We see that the number $s = \sum_{i \in \mathcal{S} \cap \overline{\mathcal{G}}} w_i$ is an unbiased estimator of the expected number of signal events selected by $g$

$\mu_s = N_s \int_\mathcal{G} p_s(x) dx$

Similarly, the number $b = \sum_{i \in \mathcal{B} \cap \overline{\mathcal{G}}} w_i$ is an unbiased estimate of the expected number of background events

$\mu_s = N_b \int_\mathcal{G} p_b(x) dx$.

We are now in the position to define the (empirical) risk functional:

$AMS = \sqrt{2(s+b+b_{reg})\ln(1+\frac{s}{b + b_{reg}}) - s)}$.

called absolute median significance. The term $b_{reg}$ is a regularization term used to reduce the variance of the AMS. We will discuss regulatization in the next lectures.
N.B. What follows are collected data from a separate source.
lemma connector_of_linked_copies:
  assumes "c \<ge> 1" and F: "K4m_copy VH EH F" and G: "K4m_copy VH EH G" and "F \<inter> G = {}"
    and "x \<notin> F \<union> G" and "y \<notin> F \<union> G"
    and L: "fst ` set L = insert x G" "snd ` set L = insert y F" "distinct (map fst L)"
    and D: "D \<in> joint_connectors VH EH c (F \<union> G \<union> {x, y}) L"
  shows "connector VH EH (5 * c + 1) x y (F \<union> G \<union> D)"
proof -
  note F' = K4m_copy_D[OF F] and G' = K4m_copy_D[OF G]
  have "length L = 5"
    using L \<open>x \<notin> F \<union> G\<close> G' by (simp add: length_eq_card_fst)
  then have D': "D \<subseteq> VH" "D \<inter> (F \<union> G \<union> {x, y}) = {}" "card D = 5 * (4 * c - 1)"
    "has_K4m_factor VH EH (D \<union> insert x G)" "has_K4m_factor VH EH (D \<union> insert y F)"
    using D L by (auto simp: joint_connectors_def)
  have "finite D"
    using D'(3) \<open>c \<ge> 1\<close> by (intro card_ge_0_finite) simp
  have "card (F \<union> G \<union> D) = 4 * (5 * c + 1) - 1"
    using F' G' D'(2,3) \<open>finite D\<close> \<open>F \<inter> G = {}\<close> \<open>c \<ge> 1\<close>
    by (subst card_Un_disjoint; auto simp: card_Un_disjoint)
  moreover have "has_K4m_factor VH EH (insert x (F \<union> G \<union> D))"
  proof -
    have "insert x (F \<union> G \<union> D) = F \<union> (D \<union> insert x G)"
      by blast
    moreover have "F \<inter> (D \<union> insert x G) = {}"
      using D'(2) \<open>F \<inter> G = {}\<close> \<open>x \<notin> F \<union> G\<close> by blast
    ultimately show ?thesis
      using has_K4m_factor_Un[OF has_K4m_factor_copy[OF F] D'(4)] by simp
  qed
  moreover have "has_K4m_factor VH EH (insert y (F \<union> G \<union> D))"
  proof -
    have "insert y (F \<union> G \<union> D) = G \<union> (D \<union> insert y F)"
      by blast
    moreover have "G \<inter> (D \<union> insert y F) = {}"
      using D'(2) \<open>F \<inter> G = {}\<close> \<open>y \<notin> F \<union> G\<close> by blast
    ultimately show ?thesis
      using has_K4m_factor_Un[OF has_K4m_factor_copy[OF G] D'(5)] by simp
  qed
  ultimately show ?thesis
    using F' G' D'(1,2) \<open>x \<notin> F \<union> G\<close> \<open>y \<notin> F \<union> G\<close> unfolding connector_def by blast
qed

lemma card_connector_completions_ge:
  fixes \<kappa> :: real
  assumes fin: "finite VH" and c: "c \<ge> 1"
    and joint: "\<And>Z L. finite Z \<Longrightarrow> card Z \<le> 10 \<Longrightarrow> length L = 5 \<Longrightarrow> close_pairing VH EH c \<eta> L \<Longrightarrow>
        fst ` set L \<union> snd ` set L \<subseteq> Z \<Longrightarrow>
        \<kappa> * real (card VH) ^ (5 * (4 * c - 1)) \<le> real (card (joint_connectors VH EH c Z L))"
    and F: "K4m_copy VH EH F" and G: "K4m_copy VH EH G"
    and "F \<inter> {x, y} = {}" and "G \<inter> (F \<union> {x, y}) = {}"
    and L: "fst ` set L = insert x G" "snd ` set L = insert y F" "close_pairing VH EH c \<eta> L"
  shows "\<kappa> * real (card VH) ^ (5 * (4 * c - 1)) \<le> real (card
    {D. D \<inter> (F \<union> G) = {} \<and> card D = 5 * (4 * c - 1) \<and> connector VH EH (5 * c + 1) x y (F \<union> G \<union> D)})"
proof -
  note F' = K4m_copy_D[OF F] and G' = K4m_copy_D[OF G]
  have "F \<inter> G = {}" "x \<notin> F \<union> G" "y \<notin> F \<union> G"
    using assms(6,7) by auto
  have "length L = 5"
    using L G' \<open>x \<notin> F \<union> G\<close> by (simp add: length_eq_card_fst close_pairing_def)
  moreover have "card (F \<union> G \<union> {x, y}) \<le> 10"
  proof -
    have "card {x, y} \<le> 2"
      by (simp add: card_insert_if)
    then show ?thesis
      using card_Un_le[of "F \<union> G" "{x, y}"] card_Un_le[of F G] F' G' by simp
  qed
  ultimately have "\<kappa> * real (card VH) ^ (5 * (4 * c - 1)) \<le> real (card (joint_connectors VH EH c (F \<union> G \<union> {x, y}) L))"
    using L F' G' by (intro joint) auto
  also have "card (joint_connectors VH EH c (F \<union> G \<union> {x, y}) L)
      \<le> card {D. D \<inter> (F \<union> G) = {} \<and> card D = 5 * (4 * c - 1) \<and> connector VH EH (5 * c + 1) x y (F \<union> G \<union> D)}"
  proof (rule card_mono)
    show "finite {D. D \<inter> (F \<union> G) = {} \<and> card D = 5 * (4 * c - 1) \<and> connector VH EH (5 * c + 1) x y (F \<union> G \<union> D)}"
      by (rule finite_subset[of _ "Pow VH"]) (use fin in \<open>auto simp: connector_def\<close>)
    show "joint_connectors VH EH c (F \<union> G \<union> {x, y}) L
        \<subseteq> {D. D \<inter> (F \<union> G) = {} \<and> card D = 5 * (4 * c - 1) \<and> connector VH EH (5 * c + 1) x y (F \<union> G \<union> D)}"
    proof
      fix D assume D: "D \<in> joint_connectors VH EH c (F \<union> G \<union> {x, y}) L"
      then have "connector VH EH (5 * c + 1) x y (F \<union> G \<union> D)"
        using c F G \<open>F \<inter> G = {}\<close> \<open>x \<notin> F \<union> G\<close> \<open>y \<notin> F \<union> G\<close> L
        by (intro connector_of_linked_copies) (auto simp: close_pairing_def)
      then show "D \<in> {D. D \<inter> (F \<union> G) = {} \<and> card D = 5 * (4 * c - 1) \<and> connector VH EH (5 * c + 1) x y (F \<union> G \<union> D)}"
        using D \<open>length L = 5\<close> by (auto simp: joint_connectors_def)
    qed
  qed
  finally show ?thesis
    by simp
qed

text \<open>Every connector S built from a pair (F, G) and a completion D is counted at most
  (20c+3 choose 8) times, once for each 8-subset of S that could be F \<union> G.\<close>
lemma card_connectors_ge_of_linkable_copies:
  fixes \<kappa> :: real and \<FF> \<GG> :: "'a set set"
  assumes fin: "finite VH" and c: "c \<ge> 1"
    and joint: "\<And>Z L. finite Z \<Longrightarrow> card Z \<le> 10 \<Longrightarrow> length L = 5 \<Longrightarrow> close_pairing VH EH c \<eta> L \<Longrightarrow>
        fst ` set L \<union> snd ` set L \<subseteq> Z \<Longrightarrow>
        \<kappa> * real (card VH) ^ (5 * (4 * c - 1)) \<le> real (card (joint_connectors VH EH c Z L))"
    and \<FF>: "\<And>F. F \<in> \<FF> \<Longrightarrow> K4m_copy VH EH F" and \<GG>: "\<And>G. G \<in> \<GG> \<Longrightarrow> K4m_copy VH EH G"
    and link: "\<And>F G. F \<in> \<FF> \<Longrightarrow> G \<in> \<GG> \<Longrightarrow> F \<inter> G = {} \<Longrightarrow> x \<notin> F \<union> G \<Longrightarrow> y \<notin> F \<union> G \<Longrightarrow>
        \<exists>L. fst ` set L = insert x G \<and> snd ` set L = insert y F \<and> close_pairing VH EH c \<eta> L"
  shows "real (card {F \<union> G | F G. F \<in> \<FF> \<and> F \<inter> {x, y} = {} \<and> G \<in> \<GG> \<and> G \<inter> (F \<union> {x, y}) = {}})
      * (\<kappa> * real (card VH) ^ (5 * (4 * c - 1)))
    \<le> real (card {S. connector VH EH (5 * c + 1) x y S}) * real ((20 * c + 3) choose 8)"
proof -
  let ?\<EE> = "{F \<union> G | F G. F \<in> \<FF> \<and> F \<inter> {x, y} = {} \<and> G \<in> \<GG> \<and> G \<inter> (F \<union> {x, y}) = {}}"
  let ?\<DD> = "\<lambda>E. {D. D \<inter> E = {} \<and> card D = 5 * (4 * c - 1) \<and> connector VH EH (5 * c + 1) x y (E \<union> D)}"
  let ?S = "{S. connector VH EH (5 * c + 1) x y S}"
  have \<EE>: "finite E \<and> card E = 8 \<and> E \<subseteq> VH" if E: "E \<in> ?\<EE>" for E
  proof -
    obtain F G where "E = F \<union> G" "F \<in> \<FF>" "G \<in> \<GG>" "F \<inter> G = {}"
      using E by blast
    then show ?thesis
      using K4m_copy_D[OF \<FF>[of F]] K4m_copy_D[OF \<GG>[of G]] by (simp add: card_Un_disjoint)
  qed
  have "real (card ?\<EE>) * (\<kappa> * real (card VH) ^ (5 * (4 * c - 1)))
      \<le> real (card {E \<union> D | E D. E \<in> ?\<EE> \<and> D \<in> ?\<DD> E}) * real ((8 + 5 * (4 * c - 1)) choose 8)"
  proof (rule double_count_disjoint_unions)
    show "finite ?\<EE>"
      by (rule finite_subset[of _ "Pow VH"]) (use fin \<EE> in auto)
    show "finite E \<and> card E = 8" if "E \<in> ?\<EE>" for E
      using \<EE>[OF that] by blast
    show "finite (?\<DD> E)" for E
      by (rule finite_subset[of _ "Pow VH"]) (use fin in \<open>auto simp: connector_def\<close>)
    show "finite D \<and> card D = 5 * (4 * c - 1) \<and> E \<inter> D = {}" if "D \<in> ?\<DD> E" for D E
      using that c by (auto intro: card_ge_0_finite)
    show "\<kappa> * real (card VH) ^ (5 * (4 * c - 1)) \<le> real (card (?\<DD> E))" if E: "E \<in> ?\<EE>" for E
    proof -
      obtain F G where "E = F \<union> G" "F \<in> \<FF>" "G \<in> \<GG>" "F \<inter> {x, y} = {}" "G \<inter> (F \<union> {x, y}) = {}"
        using E by blast
      moreover from this obtain L where "fst ` set L = insert x G" "snd ` set L = insert y F"
        "close_pairing VH EH c \<eta> L"
        using link by blast
      ultimately show ?thesis
        using card_connector_completions_ge[OF fin c joint \<FF> \<GG>] by blast
    qed
  qed
  also have "card {E \<union> D | E D. E \<in> ?\<EE> \<and> D \<in> ?\<DD> E} \<le> card ?S"
  proof (rule card_mono)
    show "finite ?S"
      by (rule finite_subset[of _ "Pow VH"]) (use fin in \<open>auto simp: connector_def\<close>)
  qed blast
  then have "real (card {E \<union> D | E D. E \<in> ?\<EE> \<and> D \<in> ?\<DD> E}) * real ((8 + 5 * (4 * c - 1)) choose 8)
      \<le> real (card ?S) * real ((8 + 5 * (4 * c - 1)) choose 8)"
    by (intro mult_right_mono) auto
  also have "8 + 5 * (4 * c - 1) = 20 * c + 3"
    using c by simp
  finally show ?thesis .
qed

lemma close_of_linkable_copies:
  fixes \<epsilon> \<kappa> :: real and \<FF> \<GG> :: "'a set set"
  assumes fin: "finite VH" and c: "c \<ge> 1" and \<epsilon>: "\<epsilon> > 0" and \<kappa>: "\<kappa> > 0"
    and n_ge: "12 / \<epsilon> \<le> real (card VH)"
    and joint: "\<And>Z L. finite Z \<Longrightarrow> card Z \<le> 10 \<Longrightarrow> length L = 5 \<Longrightarrow> close_pairing VH EH c \<eta> L \<Longrightarrow>
        fst ` set L \<union> snd ` set L \<subseteq> Z \<Longrightarrow>
        \<kappa> * real (card VH) ^ (5 * (4 * c - 1)) \<le> real (card (joint_connectors VH EH c Z L))"
    and \<FF>: "\<And>F. F \<in> \<FF> \<Longrightarrow> K4m_copy VH EH F" and \<GG>: "\<And>G. G \<in> \<GG> \<Longrightarrow> K4m_copy VH EH G"
    and card_\<FF>: "\<epsilon> * real (card VH) ^ 4 \<le> real (card \<FF>)"
    and card_\<GG>: "\<epsilon> * real (card VH) ^ 4 \<le> real (card \<GG>)"
    and link: "\<And>F G. F \<in> \<FF> \<Longrightarrow> G \<in> \<GG> \<Longrightarrow> F \<inter> G = {} \<Longrightarrow> x \<notin> F \<union> G \<Longrightarrow> y \<notin> F \<union> G \<Longrightarrow>
        \<exists>L. fst ` set L = insert x G \<and> snd ` set L = insert y F \<and> close_pairing VH EH c \<eta> L"
  shows "close VH EH (5 * c + 1) ((\<epsilon> / 2)\<^sup>2 / real (8 choose 4) * \<kappa> / real ((20 * c + 3) choose 8)) x y"
proof -
  define n where "n = card VH"
  define k where "k = 4 * c - 1"
  define C1 where "C1 = real (8 choose 4)"
  define C2 where "C2 = real ((20 * c + 3) choose 8)"
  let ?\<EE> = "{F \<union> G | F G. F \<in> \<FF> \<and> F \<inter> {x, y} = {} \<and> G \<in> \<GG> \<and> G \<inter> (F \<union> {x, y}) = {}}"
  let ?S = "{S. connector VH EH (5 * c + 1) x y S}"
  have card_\<EE>: "(\<epsilon> / 2 * real n ^ 4)\<^sup>2 \<le> real (card ?\<EE>) * C1"
  proof -
    have "2 * real (card {x, y} + 4) \<le> 12"
      by (simp add: card_insert_if)
    also have "12 \<le> \<epsilon> * real n"
      using n_ge \<epsilon> unfolding n_def by (simp add: pos_divide_le_eq mult.commute)
    finally have "2 * real (card {x, y} + 4) \<le> \<epsilon> * real n" .
    moreover have "\<FF> \<subseteq> {F. F \<subseteq> VH \<and> card F = 4}" "\<GG> \<subseteq> {G. G \<subseteq> VH \<and> card G = 4}"
      using \<FF> \<GG> by (auto dest: K4m_copy_D)
    ultimately have "(\<epsilon> / 2 * real n ^ 4)\<^sup>2 \<le> real (card ?\<EE>) * real ((4 + 4) choose 4)"
      unfolding n_def using card_\<FF> card_\<GG> by (intro card_disjoint_unions_ge[OF fin]) auto
    then show ?thesis
      by (simp add: C1_def)
  qed
  have counted: "real (card ?\<EE>) * (\<kappa> * real n ^ (5 * k)) \<le> real (card ?S) * C2"
    unfolding n_def k_def C2_def using card_connectors_ge_of_linkable_copies[OF fin c joint \<FF> \<GG> link] .
  have "C1 > 0" "C2 > 0"
    using c by (simp_all add: C1_def C2_def)
  have exponent: "8 + 5 * k = 20 * c + 3" "4 * (5 * c + 1) - 1 = 20 * c + 3"
    using c unfolding k_def by auto
  have "(\<epsilon> / 2)\<^sup>2 * \<kappa> * real n ^ (20 * c + 3) = (\<epsilon> / 2 * real n ^ 4)\<^sup>2 * (\<kappa> * real n ^ (5 * k))"
    unfolding exponent(1)[symmetric] by (simp add: power_add power_mult_distrib power2_eq_square mult_ac)
  also have "\<dots> \<le> (real (card ?\<EE>) * C1) * (\<kappa> * real n ^ (5 * k))"
    using card_\<EE> \<kappa> by (intro mult_right_mono) auto
  also have "\<dots> = C1 * (real (card ?\<EE>) * (\<kappa> * real n ^ (5 * k)))"
    by (simp add: mult_ac)
  also have "\<dots> \<le> C1 * (real (card ?S) * C2)"
    using counted \<open>C1 > 0\<close> by (intro mult_left_mono) auto
  finally have "(\<epsilon> / 2)\<^sup>2 / C1 * \<kappa> / C2 * real n ^ (20 * c + 3) \<le> real (card ?S)"
    using \<open>C1 > 0\<close> \<open>C2 > 0\<close> by (simp add: field_simps)
  then show ?thesis
    unfolding close_def exponent(2) C1_def C2_def n_def .
qed

definition profile_copies :: "'a set \<Rightarrow> 'a set set \<Rightarrow> (nat \<Rightarrow> 'a set) \<Rightarrow> nat set \<Rightarrow> (nat \<Rightarrow> nat) \<Rightarrow> 'a set set" where
  "profile_copies VH EH V J \<alpha> = {F. K4m_copy VH EH F \<and> (\<forall>k\<in>J. card (F \<inter> V k) = \<alpha> k)}"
Finally, we are in the position to formally define the HiggsML challenge as a machine learning problem. Given the training set $\mathcal{D}$ find an optimal value of parameters in some class of functions $f_\alpha$ that would minimize the value of the empirical risk functional AMS and when tested on the testing set produce the same significance of the test AMS.

Anyone interested in the derivation of the AMS I refer to the paper [Claire Adam-Bourdarios et. al. “Learning to discover: the Higgs boson machine learning challenge”, 2014]